lemma sup_cond_entropy_triangle:
  assumes P: "P \<in> E_max M" and Q: "Q \<in> E_max M" and R: "R \<in> E_max M"
  shows "sup_cond_entropy M P R \<le> sup_cond_entropy M P Q + sup_cond_entropy M Q R"
proof (rule sup_cond_entropy_le)
  fix n
  have "cond_entropy_part (M n) (P n) (R n)
      \<le> cond_entropy_part (M n) (P n) (Q n) + cond_entropy_part (M n) (Q n) (R n)"
    by (intro prob_space.cond_entropy_part_triangle prob E_max_finite_partition P Q R)
  also have "\<dots> \<le> sup_cond_entropy M P Q + sup_cond_entropy M Q R"
    by (intro add_mono cond_entropy_part_le_sup P Q R)
  finally show "cond_entropy_part (M n) (P n) (R n) \<le> sup_cond_entropy M P Q + sup_cond_entropy M Q R" .
qed

lemma d_R_nonneg: "P \<in> E_max M \<Longrightarrow> Q \<in> E_max M \<Longrightarrow> 0 \<le> d_R M P Q"
  unfolding d_R_eq by (simp add: sup_cond_entropy_nonneg)

lemma d_R_triangle:
  "P \<in> E_max M \<Longrightarrow> Q \<in> E_max M \<Longrightarrow> R \<in> E_max M \<Longrightarrow> d_R M P R \<le> d_R M P Q + d_R M Q R"
  unfolding d_R_eq using sup_cond_entropy_triangle[of P Q R] sup_cond_entropy_triangle[of R Q P]
  by linarith
lemma C_decorated_snoc:
  "C_decorated (xs @ [s]) \<longleftrightarrow> C_decorated xs \<and> admissible_step xs s \<and> (s = V \<longrightarrow> V_allowed xs)"
proof -
  let ?P = "\<lambda>zs. \<forall>j h1 h2. j + 2 < length zs \<longrightarrow> zs ! j = H h1 \<longrightarrow> zs ! (j + 1) = H h2 \<longrightarrow>
        zs ! (j + 2) = V \<longrightarrow> (\<forall>i < j. zs ! i = V \<longrightarrow> (h1, h2) \<noteq> (v1 zs i, v2 zs i))"
  have "?P (xs @ [s]) \<longleftrightarrow> ?P xs \<and> (s = V \<longrightarrow> V_allowed xs)"
  proof
    assume a: "?P (xs @ [s])"
    have "?P xs"
    proof (intro allI impI)
      fix j h1 h2 i
      assume "j + 2 < length xs" "xs ! j = H h1" "xs ! (j + 1) = H h2" "xs ! (j + 2) = V"
        "i < j" "xs ! i = V"
      then show "(h1, h2) \<noteq> (v1 xs i, v2 xs i)"
        using a[rule_format, of j h1 h2 i] by (auto simp: nth_append v1_append v2_append)
    qed
    moreover have "V_allowed xs" if "s = V"
      unfolding V_allowed_def vpair_def
    proof (intro allI impI)
      fix j h1 h2 i
      assume "j + 2 = length xs" "xs ! j = H h1" "xs ! (j + 1) = H h2" "i < j" "xs ! i = V"
      then show "(h1, h2) \<noteq> (v1 xs i, v2 xs i)"
        using a[rule_format, of j h1 h2 i] that by (auto simp: nth_append v1_append v2_append)
    qed
    ultimately show "?P xs \<and> (s = V \<longrightarrow> V_allowed xs)" by blast
  next
    assume a: "?P xs \<and> (s = V \<longrightarrow> V_allowed xs)"
    show "?P (xs @ [s])"
    proof (intro allI impI)
      fix j h1 h2 i
      assume j: "j + 2 < length (xs @ [s])"
        and e: "(xs @ [s]) ! j = H h1" "(xs @ [s]) ! (j + 1) = H h2" "(xs @ [s]) ! (j + 2) = V"
        and i: "i < j" "(xs @ [s]) ! i = V"
      show "(h1, h2) \<noteq> (v1 (xs @ [s]) i, v2 (xs @ [s]) i)"
      proof (cases "j + 2 < length xs")
        case True
        then show ?thesis using a e i by (auto simp: nth_append v1_append v2_append)
      next
        case False
        then have "j + 2 = length xs" using j by simp
        then show ?thesis
          using a e i unfolding V_allowed_def vpair_def
          by (auto simp: nth_append v1_append v2_append)
      qed
    qed
  qed
  then show ?thesis unfolding C_decorated_def by (auto simp: hdec_path_snoc)
qed

lemma C_decorated_Nil [simp]: "C_decorated []"
  by (simp add: C_decorated_def)

lemma C_decorated_appendD: "C_decorated (xs @ ys) \<Longrightarrow> C_decorated xs"
  by (induction ys rule: rev_induct) (auto simp: C_decorated_snoc simp flip: append_assoc)

lemma C_decorated_hdec_path: "C_decorated xs \<Longrightarrow> hdec_path xs"
  by (simp add: C_decorated_def)

lemma vpair_snoc_V_repeats_iff:
  assumes "hdec_path xs"
  shows "vpair (xs @ [V]) (length xs) \<in> vpairs xs \<longleftrightarrow> \<not> V_allowed xs"
proof (cases "\<exists>ys h1 h2. xs = ys @ [H h1, H h2]")
  case True
  then obtain ys h1 h2 where xs: "xs = ys @ [H h1, H h2]" by blast
  have "vpairs xs = vpairs ys"
    unfolding xs vpairs_def V_positions_append_HH
    by (intro image_cong) (auto simp: V_positions_def vpair_append)
  then show ?thesis
    using vpair_snoc_V_after_HH[of ys h1 h2] V_allowed_append_HH[of ys h1 h2] xs by simp
next
  case False
  then show ?thesis
    using vpair_snoc_V_fresh[OF assms] V_allowed_if_not_HH by (auto simp: vpairs_def)
qed

lemma C_decorated_inj_on_vpair:
  assumes "C_decorated xs"
  shows "inj_on (vpair xs) (V_positions xs)"
proof -
  have "vpair xs a \<noteq> vpair xs b" if ab: "a < b" "a \<in> V_positions xs" "b \<in> V_positions xs" for a b
  proof -
    let ?ys = "take b xs"
    have b: "b < length xs" "xs ! b = V" using ab by (auto simp: V_positions_def)
    then have xs: "xs = (?ys @ [V]) @ drop (Suc b) xs"
      using id_take_nth_drop[of b xs] by simp
    then have "C_decorated (?ys @ [V])"
      using assms C_decorated_appendD by metis
    then have "vpair (?ys @ [V]) (length ?ys) \<notin> vpairs ?ys"
      using vpair_snoc_V_repeats_iff C_decorated_hdec_path C_decorated_snoc by blast
    moreover have "vpair ?ys a \<in> vpairs ?ys"
      using ab b by (auto simp: vpairs_def V_positions_def)
    moreover have "vpair xs b = vpair (?ys @ [V]) (length ?ys)"
      using vpair_append[of "length ?ys" "?ys @ [V]" "drop (Suc b) xs"] xs b by simp
    moreover have "vpair xs a = vpair ?ys a"
      using vpair_append[of a ?ys "drop b xs"] ab b by simp
    ultimately show ?thesis by metis
  qed
  then show ?thesis
    by (intro inj_onI) (metis linorder_neqE_nat)
qed

lemma card_vpairs:
  assumes "C_decorated xs"
  shows "card (vpairs xs) = ycoord xs"
proof -
  have "card (vpairs xs) = card (V_positions xs)"
    unfolding vpairs_def using C_decorated_inj_on_vpair[OF assms] by (rule card_image)
  also have "\<dots> = ycoord xs"
    by (simp add: V_positions_def ycoord_def length_filter_conv_card)
  finally show ?thesis .
qed

section \<open>The recurrence\<close>

definition C_paths :: "nat \<Rightarrow> nat \<Rightarrow> step list set" where
  "C_paths n m = {xs. C_decorated xs \<and> xcoord xs = n \<and> ycoord xs = m}"

lemma cnum_eq_card_C_paths: "cnum n m = card (C_paths n m)"
  by (simp add: cnum_def C_paths_def)

lemma hdec_path_decoration_in_set:
  assumes "hdec_path xs" "H d \<in> set xs"
  shows "1 \<le> d \<and> d \<le> ycoord xs + 1"
proof -
  obtain i where "i < length xs" "xs ! i = H d"
    using assms(2) by (metis in_set_conv_nth)
  then show ?thesis
    using hdec_path_decoration_bounds[OF assms(1)] ycoord_take_le[of i xs] by fastforce
qed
______________________________
- Directions for this task: Number of lines containing "auto" in the material above: give that number alone.

- Response area: 10